Our electrophysiological experiments suggested that CL-rich bilayers had a major effect on KcsA gating and stabilized KcsA in an open-conductive conformation. To correlate the changes in P_O with conformational changes at the channel pore, we performed two-dimensional (2D) (¹³C,¹³C) and (¹⁵N,¹³C) ssNMR correlation experiments on KcsA in phospholipid environments identical to those used in the electrophysiological experiments described above. In contrast to previous solution-state NMR experiments using bilayer mimetics (see, e.g., (42, 43, 44)), the ¹³C-¹³C correlation spectra recorded with short mixing times enabled us to identify ¹³C chemical shifts (see Table S2 for a complete list) for the key residues T74, T75, and V76 within the KcsA selectivity filter (Fig. 2, A and B), as well as for G99, I100, and T101 located at the activation gate (Fig. 2 C). Note that in Figs. 2, A–C (lower panels), results obtained using asolectin bilayers (as previously described (26)) are only included as a reference to mark the conductive (black, pH 7) and collapsed (blue, pH 4) states of the selectivity filter.

Figure 2.

(A–C) Spectral cutouts of 2D ¹³C-¹³C correlation (A and C) and ¹⁵N-¹³C (B) correlation spectra recorded in the presence of 150 mM KCl at pH 4.0 in different anionic phospholipid environments. KcsA was reconstituted into proteoliposomes composed of DOPC/DOPG, DOPC/DOPA, or DOPC/CL) at a 3:7 molar ratio. Data obtained using CL-rich lipids (pH 4.0) are shown in green. ssNMR spectra recorded for DOPC/DOPG (data not shown) and DOPC/DOPA lipids (pH 4.0, red) were identical and are denoted by PA/PG for brevity. As a reference, data obtained using asolectin at pH 7.0 or pH 4 are indicated in black and blue, respectively. Specific residues for each state are color-coded correspondingly. Experimental data were recorded at magnetic fields corresponding to a 500–700 MHz ¹H frequency and at an effective sample temperature of 273 K. (D) Cα chemical-shift changes of the selectivity filter in the collapsed state of PA, PG, and CL (left), and the conductive SF conformation (denoted by 2) appearing for CL-rich membranes at pH 4.0 (middle) and pH 3.5 (right). The color-coding refers to differences in Cα chemical-shift values measured for the indicated KcsA lipid preparations and pH values relative to ssNMR shifts obtained for the conductive state of KcsA at pH 7 in asolectin lipids (26). To see this figure in color, go online.

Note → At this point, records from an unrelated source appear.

(* Let $\mathcal{H}$ be a complex Hilbert space of finite dimension $n\ge 2$, let $\mathcal{B}(\mathcal{H})_{\mathrm{sa}}$ be the real vector space of selfadjoint operators on $\mathcal{H}$, and for $k\in\mathbb{N}$ let $\mathcal{P}_k(\mathcal{H})$ denote the set of orthogonal projections on $\mathcal{H}$ of rank $k$. Let $k<n$ and let $\mathcal{L}\colon\mathcal{B}(\mathcal{H})_{\mathrm{sa}}\to\mathcal{B}(\mathcal{H})_{\mathrm{sa}}$ be a linear map with $\mathcal{L}(\mathcal{P}_k(\mathcal{H}))=\mathcal{P}_k(\mathcal{H})$. Then $\mathcal{L}$ maps $\mathcal{B}(\mathcal{H})_{\mathrm{sa}}$ bijectively onto itself. *)

theory Defs
  imports "HOL-Analysis.Analysis"
begin

text \<open>Operators on the n-dimensional complex Hilbert space C^n are represented by
  their matrices w.r.t. the standard orthonormal basis.\<close>

definition cadjoint :: "complex^'n^'n \<Rightarrow> complex^'n^'n" where
  "cadjoint A = (\<chi> i j. cnj (A $ j $ i))"

definition selfadjoints :: "(complex^'n^'n) set" where
  "selfadjoints = {A. cadjoint A = A}"

definition projections_rank :: "nat \<Rightarrow> (complex^'n^'n) set" where
  "projections_rank k = {P. cadjoint P = P \<and> P ** P = P \<and> rank P = k}"

end

theory Submission
  imports Defs
begin

text \<open>The rank-\<open>k\<close> projections span the selfadjoint matrices over \<open>\<real>\<close>. Sums of \<open>k\<close>
  diagonal matrix units are rank-\<open>k\<close> projections, and their differences give every diagonal
  unit. Completing a unit vector \<open>(e\<^sub>i + z e\<^sub>j) / \<surd>2\<close>, \<open>|z| = 1\<close>, by \<open>k - 1\<close> further
  coordinate vectors gives a rank-\<open>k\<close> projection which, modulo diagonal units, is the selfadjoint
  matrix with entries \<open>z/2\<close> at \<open>(i, j)\<close> and \<open>cnj z / 2\<close> at \<open>(j, i)\<close>; taking \<open>z = 1, \<i>\<close> yields
  all off-diagonal patterns. Hence the image of \<open>L\<close>, a real subspace of the selfadjoints, contains
  all of them: \<open>L\<close> is onto, and a surjective linear endomorphism of a finite-dimensional space
  is injective.\<close>

lemma linear_surjective_on_subspace_imp_inj_on:
  fixes g :: "'a::euclidean_space \<Rightarrow> 'a"
  assumes "linear g" "subspace S" "g ` S = S"
  shows "inj_on g S"
proof -
  obtain B where B: "B \<subseteq> S" "independent B" "S \<subseteq> span B" "card B = dim S"
    by (rule basis_exists)
  have fin: "finite B" using B(2) by (rule independent_imp_finite)
  have spanB: "span B = S" using B(1,3) assms(2) by (simp add: span_subspace)
  have gB_spans: "S \<subseteq> span (g ` B)"
    using assms(1,3) spanB by (simp add: span_linear_image)
  have gB_sub: "g ` B \<subseteq> S" using B(1) assms(3) by auto
  have "card (g ` B) \<le> card B" using fin by (rule card_image_le)
  moreover have "dim S \<le> card (g ` B)" using gB_spans fin by (intro dim_le_card) auto
  ultimately have card_eq: "card (g ` B) = card B" using B(4) by simp
  have "independent (g ` B)"
    using gB_sub gB_spans fin card_eq B(4) by (intro card_le_dim_spanning[of _ S]) auto
  moreover have "inj_on g B" using fin card_eq by (simp add: inj_on_iff_eq_card)
  ultimately have "inj_on g (span B)"
    using assms(1) by (simp add: linear_inj_on_span_iff_independent_image)
  then show ?thesis by (simp add: spanB)
qed

lemma cadjoint_add: "cadjoint (A + B) = cadjoint A + cadjoint B"
  by (simp add: cadjoint_def vec_eq_iff)

lemma cadjoint_scaleR: "cadjoint (c *\<^sub>R A) = c *\<^sub>R cadjoint A"
  by (simp add: cadjoint_def vec_eq_iff)

lemma cadjoint_cadjoint [simp]: "cadjoint (cadjoint A) = A"
  by (simp add: cadjoint_def vec_eq_iff)

lemma subspace_selfadjoints: "subspace selfadjoints"
  unfolding subspace_def selfadjoints_def
  by (auto simp: cadjoint_add cadjoint_scaleR cadjoint_def vec_eq_iff)

lemma projections_rank_subset_selfadjoints: "projections_rank k \<subseteq> selfadjoints"
  by (auto simp: projections_rank_def selfadjoints_def)

definition cinner :: "complex^'n \<Rightarrow> complex^'n \<Rightarrow> complex" where
  "cinner u w = (\<Sum>m\<in>UNIV. cnj (u $ m) * w $ m)"

lemma cinner_commute: "cinner w u = cnj (cinner u w)"
  by (simp add: cinner_def cnj_sum mult.commute)

lemma cinner_scale_left: "cinner (a *s u) w = cnj a * cinner u w"
  by (simp add: cinner_def sum_distrib_left mult.assoc)

lemma cinner_add_left: "cinner (u + v) w = cinner u w + cinner v w"
  by (simp add: cinner_def sum.distrib distrib_right)
(* Let $\beta\in\mathbb{F}_{p^m}\setminus\{0\}$ and $\mathcal{R}_{\alpha,\beta}=R[x]/\langle x^{4p^s}-(\alpha+\beta u)\rangle$. Then: (a) $\mathcal{R}_{\alpha,\beta}$ has exactly two maximal ideals, namely $\langle x^2+\gamma x+\frac{\gamma^2}{2}\rangle$ and $\langle x^2-\gamma x+\frac{\gamma^2}{2}\rangle$; (b) the set of nilpotent elements of $\mathcal{R}_{\alpha,\beta}$ is the ideal $\langle x^4-\alpha_0\rangle$; (c) the set of non-units of $\mathcal{R}_{\alpha,\beta}$ is $\langle x^2+\gamma x+\frac{\gamma^2}{2}\rangle\cup\langle x^2-\gamma x+\frac{\gamma^2}{2}\rangle$.
   Context: Let $p$ be an odd prime and $m,s$ positive integers with $p^m\equiv 3\pmod 4$; $\mathbb{F}_{p^m}$ is the field with $p^m$ elements and $R=\mathbb{F}_{p^m}[u]/\langle u^2\rangle$. Fix $\alpha\in\mathbb{F}_{p^m}\setminus\{0\}$ that is not a square in $\mathbb{F}_{p^m}$, let $\alpha_0\in\mathbb{F}_{p^m}$ satisfy $\alpha_0^{p^s}=\alpha$, and let $\gamma\in\mathbb{F}_{p^m}$ satisfy $\gamma^4+4\alpha_0=0$. *)

theory Defs
  imports "HOL-Algebra.Algebra" "HOL-Computational_Algebra.Primes"
begin

text \<open>R = F[u]/(u^2), modelled as pairs (a,b) standing for a + b u, over a field type 'a.\<close>
definition dual_ring :: "('a::field \<times> 'a) ring" where
  "dual_ring = \<lparr>carrier = UNIV,
     monoid.mult = (\<lambda>x y. (fst x * fst y, fst x * snd y + snd x * fst y)),
     one = (1, 0),
     ring.zero = (0, 0),
     add = (\<lambda>x y. (fst x + fst y, snd x + snd y))\<rparr>"

abbreviation Rx :: "('a::field \<times> 'a, nat \<Rightarrow> 'a \<times> 'a) up_ring" where
  "Rx \<equiv> UP dual_ring"

definition gen_poly :: "nat \<Rightarrow> 'a::field \<Rightarrow> 'a \<Rightarrow> nat \<Rightarrow> 'a \<times> 'a" where
  "gen_poly n \<alpha> \<beta> = monom Rx (1, 0) n \<ominus>\<^bsub>Rx\<^esub> monom Rx (\<alpha>, \<beta>) 0"

definition Rab :: "nat \<Rightarrow> 'a::field \<Rightarrow> 'a \<Rightarrow> (nat \<Rightarrow> 'a \<times> 'a) set ring" where
  "Rab n \<alpha> \<beta> = Rx Quot (Idl\<^bsub>Rx\<^esub> {gen_poly n \<alpha> \<beta>})"

definition cls :: "nat \<Rightarrow> 'a::field \<Rightarrow> 'a \<Rightarrow> (nat \<Rightarrow> 'a \<times> 'a) \<Rightarrow> (nat \<Rightarrow> 'a \<times> 'a) set" where
  "cls n \<alpha> \<beta> f = (Idl\<^bsub>Rx\<^esub> {gen_poly n \<alpha> \<beta>}) +>\<^bsub>Rx\<^esub> f"

definition quad_poly :: "'a::field \<Rightarrow> 'a \<Rightarrow> nat \<Rightarrow> 'a \<times> 'a" where
  "quad_poly c d = monom Rx (1,0) 2 \<oplus>\<^bsub>Rx\<^esub> monom Rx (c,0) 1 \<oplus>\<^bsub>Rx\<^esub> monom Rx (d,0) 0"

definition quart_poly :: "'a::field \<Rightarrow> nat \<Rightarrow> 'a \<times> 'a" where
  "quart_poly a = monom Rx (1,0) 4 \<ominus>\<^bsub>Rx\<^esub> monom Rx (a,0) 0"

definition nilpotent_elem :: "('b, 'c) ring_scheme \<Rightarrow> 'b \<Rightarrow> bool" where
  "nilpotent_elem S a \<longleftrightarrow> a \<in> carrier S \<and> (\<exists>k::nat. a [^]\<^bsub>S\<^esub> k = \<zero>\<^bsub>S\<^esub>)"

end

theory Submission
  imports Defs "HOL-Computational_Algebra.Polynomial" "HOL-Number_Theory.Residues"
begin
lemma abs_bcoef_le_balanced:
  assumes fr: "finitely_refining \<pi>" and K: "\<And>m. mesh (\<pi> m) \<le> K * minmesh (\<pi> (Suc m))"
    and "\<tau> \<in> haar_triples \<pi> m" "\<sigma> \<in> haar_triples \<pi> m'" "m < n"
    and "{tt1 \<tau>..tt3 \<tau>} \<subseteq> {tt1 \<sigma>..tt3 \<sigma>}"
  shows "\<bar>bcoef \<pi> n \<tau> \<sigma> 1\<bar> \<le> sqrt K * (mesh (\<pi> n) - minmesh (\<pi> n)) * sqrt (mesh (\<pi> m) / mesh (\<pi> m'))"
proof -
  note part = finitely_refining_partition[OF fr]
  let ?\<delta> = "minmesh (\<pi> (Suc m'))" and ?D = "mesh (\<pi> n) - minmesh (\<pi> n)"
  note \<tau> = finitely_refining_haar_triple_points[OF fr assms(3,5)]
  have "?\<delta> \<le> tt2 \<sigma> - tt1 \<sigma>" "?\<delta> \<le> tt3 \<sigma> - tt2 \<sigma>"
    using haar_triple_gaps_ge_minmesh[OF assms(4) part] fr finitely_refining_mono by auto
  then have psi: "\<bar>haar_psi \<sigma> (tt1 \<tau>)\<bar> \<le> sqrt (1 / ?\<delta>)"
    by (intro abs_haar_psi_le minmesh_pos part)
  have "0 \<le> ?D" using acoef_bounds[of \<pi> n, OF part \<tau>] by linarith
  have "0 < K * ?\<delta>" using K[of m'] mesh_pos[OF part, of m'] by linarith
  then have "0 < K" using minmesh_pos[OF part] by (rule zero_less_mult_pos2)
  have "1 / ?\<delta> * (tt2 \<tau> - tt1 \<tau>) \<le> K / mesh (\<pi> m') * mesh (\<pi> m)"
  proof (rule mult_mono)
    show "1 / ?\<delta> \<le> K / mesh (\<pi> m')"
      using K[of m'] mesh_pos[OF part] minmesh_pos[OF part] by (simp add: field_simps)
    show "tt2 \<tau> - tt1 \<tau> \<le> mesh (\<pi> m)"
      using haar_triple_left_gap_le_mesh[OF assms(3) part] .
  qed (use \<open>0 < K\<close> mesh_pos[OF part] \<tau> in \<open>auto intro!: divide_nonneg_pos\<close>)
  then have scale: "sqrt (1 / ?\<delta>) * sqrt (tt2 \<tau> - tt1 \<tau>) \<le> sqrt K * sqrt (mesh (\<pi> m) / mesh (\<pi> m'))"
    by (simp add: real_sqrt_mult[symmetric])
  have "\<bar>bcoef \<pi> n \<tau> \<sigma> 1\<bar> \<le> \<bar>haar_psi \<sigma> (tt1 \<tau>)\<bar> * ?D * sqrt (tt2 \<tau> - tt1 \<tau>)"
    using abs_bcoef_le[of \<pi> n, OF part \<tau> assms(6)] .
  also have "\<dots> \<le> sqrt (1 / ?\<delta>) * ?D * sqrt (tt2 \<tau> - tt1 \<tau>)"
    using psi \<open>0 \<le> ?D\<close> \<tau>(4) by (intro mult_right_mono) auto
  also have "\<dots> = ?D * (sqrt (1 / ?\<delta>) * sqrt (tt2 \<tau> - tt1 \<tau>))" by simp
  also have "\<dots> \<le> ?D * (sqrt K * sqrt (mesh (\<pi> m) / mesh (\<pi> m')))"
    using scale \<open>0 \<le> ?D\<close> by (rule mult_left_mono)
  finally show ?thesis by (simp add: mult_ac)
qed

theorem mainTheorem6:
  fixes \<pi> :: "nat \<Rightarrow> real set"
  assumes "finitely_refining \<pi>"
  shows "(\<forall>n m \<tau>. 1 \<le> n \<and> m < n \<and> \<tau> \<in> haar_triples \<pi> m \<longrightarrow>
            minmesh (\<pi> n) \<le> acoef \<pi> n \<tau> 1 \<and> acoef \<pi> n \<tau> 1 \<le> mesh (\<pi> n))
       \<and> (\<forall>n m m' \<tau> \<sigma>. 1 \<le> n \<and> m < n \<and> m' < n \<and> \<tau> \<in> haar_triples \<pi> m \<and>
            \<sigma> \<in> haar_triples \<pi> m' \<and> (m, \<tau>) \<noteq> (m', \<sigma>) \<and>
            {tt1 \<tau><..<tt3 \<tau>} \<inter> {tt1 \<sigma><..<tt3 \<sigma>} = {} \<longrightarrow>
            bcoef \<pi> n \<tau> \<sigma> 1 = 0)
       \<and> (balanced \<pi> \<longrightarrow>
           (\<exists>C::real. \<forall>n m m' \<tau> \<sigma>. 1 \<le> n \<and> m < n \<and> m' < n \<and> \<tau> \<in> haar_triples \<pi> m \<and>
              \<sigma> \<in> haar_triples \<pi> m' \<and> (m, \<tau>) \<noteq> (m', \<sigma>) \<and>
              {tt1 \<tau>..tt3 \<tau>} \<subseteq> {tt1 \<sigma>..tt3 \<sigma>} \<longrightarrow>
              \<bar>bcoef \<pi> n \<tau> \<sigma> 1\<bar> \<le>
                C * (mesh (\<pi> n) - minmesh (\<pi> n)) * sqrt (mesh (\<pi> m) / mesh (\<pi> m'))))"
proof (intro conjI allI impI; (elim conjE)?)
  note points = finitely_refining_haar_triple_points[OF assms]
  note part = finitely_refining_partition[OF assms]
  {
    fix n m \<tau> assume "m < n" "\<tau> \<in> haar_triples \<pi> m"
    then show "minmesh (\<pi> n) \<le> acoef \<pi> n \<tau> 1" "acoef \<pi> n \<tau> 1 \<le> mesh (\<pi> n)"
      using acoef_bounds[of \<pi> n, OF part points[of \<tau> m n]] by simp_all
  next
    fix n m m' \<tau> \<sigma> assume "m < n" "m' < n" "\<tau> \<in> haar_triples \<pi> m" "\<sigma> \<in> haar_triples \<pi> m'"
      "{tt1 \<tau><..<tt3 \<tau>} \<inter> {tt1 \<sigma><..<tt3 \<sigma>} = {}"
    then show "bcoef \<pi> n \<tau> \<sigma> 1 = 0"
      using points[of \<tau> m n] points[of \<sigma> m' n] by (intro bcoef_eq_0_if_interiors_disjoint) auto
  }
next
  assume "balanced \<pi>"
  then obtain K where K: "\<And>m. mesh (\<pi> m) \<le> K * minmesh (\<pi> (Suc m))"
    using balanced_mesh_le_minmesh_Suc[OF assms] by metis
  show "\<exists>C. \<forall>n m m' \<tau> \<sigma>. 1 \<le> n \<and> m < n \<and> m' < n \<and> \<tau> \<in> haar_triples \<pi> m \<and>
      \<sigma> \<in> haar_triples \<pi> m' \<and> (m, \<tau>) \<noteq> (m', \<sigma>) \<and> {tt1 \<tau>..tt3 \<tau>} \<subseteq> {tt1 \<sigma>..tt3 \<sigma>} \<longrightarrow>
      \<bar>bcoef \<pi> n \<tau> \<sigma> 1\<bar> \<le> C * (mesh (\<pi> n) - minmesh (\<pi> n)) * sqrt (mesh (\<pi> m) / mesh (\<pi> m'))"
    by (intro exI[of _ "sqrt K"] allI impI, elim conjE)
      (rule abs_bcoef_le_balanced[OF assms K]; assumption)
qed

end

The ssNMR correlation patterns obtained using DOPC/DOPG (data not shown) and DOPC/DOPA bilayers (Fig. 2, A and C, lower panel, red) were indistinguishable from those observed in previous studies (22, 26) using asolectin bilayers, which are included for reference and corresponded at pH 4 to a collapsed (inactivated) conformation of the KcsA selectivity filter (Fig. 2, A and B, lower panels). To analyze our data using DOPC/CL bilayers at pH 4 (Fig. 2 A, upper panel), we again compared well-resolved correlations (e.g., for T74CA-CB, T74CG2-CB, T75CA-CB, and T75CG2-CA in CC data (Fig. 2 A), and for G77 and G79 in NCA data (Fig. 2 B)) with previous results obtained using asolectin bilayers. In both type of spectra, we could readily identify correlations diagnostic for a collapsed inactivation gate. Moreover, we observed additional correlations that, as indicated by crosses and vertical lines, perfectly overlap with shifts seen in asolectin bilayers for an open inactivation gate. These observations strongly suggested that we observed two sets of ¹³C-¹³C intraresidue correlations at T74CA-CB, T74CG2-CB, T75CA-CB, and T75CG2-CA compatible with the presence of both collapsed (inactivated) and conductive conformations of the selectivity filter (Fig. 2 A, upper panel). The existence of both populations was also confirmed in 2D NCACX experiments for additional residues (G77 and G79 (Fig. 2 B, upper panel) and Thr74 (Fig. S2)).

Spectra obtained using longer ¹³C,¹³C mixing times exhibited sequential G99-I100 correlations for all lipid preparations that were compatible with an open activation gate (Fig. 2 C, top panel). Note that we did not find a second population exhibiting a closed activation gate that, for example, characterizes the selectivity filter state for asolectin bilayers at pH 7 (Fig. 2 C, lower panel). Furthermore, our ¹³C-¹³C intraresidue correlation spectra clearly show that in the presence of CL lipids, KcsA still adopts an extended TM1 (Fig. S3), which is involved in KcsA-lipid interactions (26). Altogether, we observed two conformations in the case of CL: the well-known open-collapsed state (Fig. 2 D, conformation 1) and one most likely corresponding to the conductive state (Fig. 2 D, conformation 2). Interestingly, when we lowered the pH of the CL sample to 3.5 (Fig. 2 D, right), we observed chemical-shift changes for the conductive state at residue Thr75. In addition, correlations expected for residue V76 disappeared at pH 3.5 (indicated in black in Fig. 2 D, right), possibly due to local motion. Previously, we detected such increased mobility of selectivity filter residues, in particular for V76, in ssNMR studies using synthetic (45) as well as native bacterial membranes (46, 47), in line with results of previous molecular-dynamics studies (48).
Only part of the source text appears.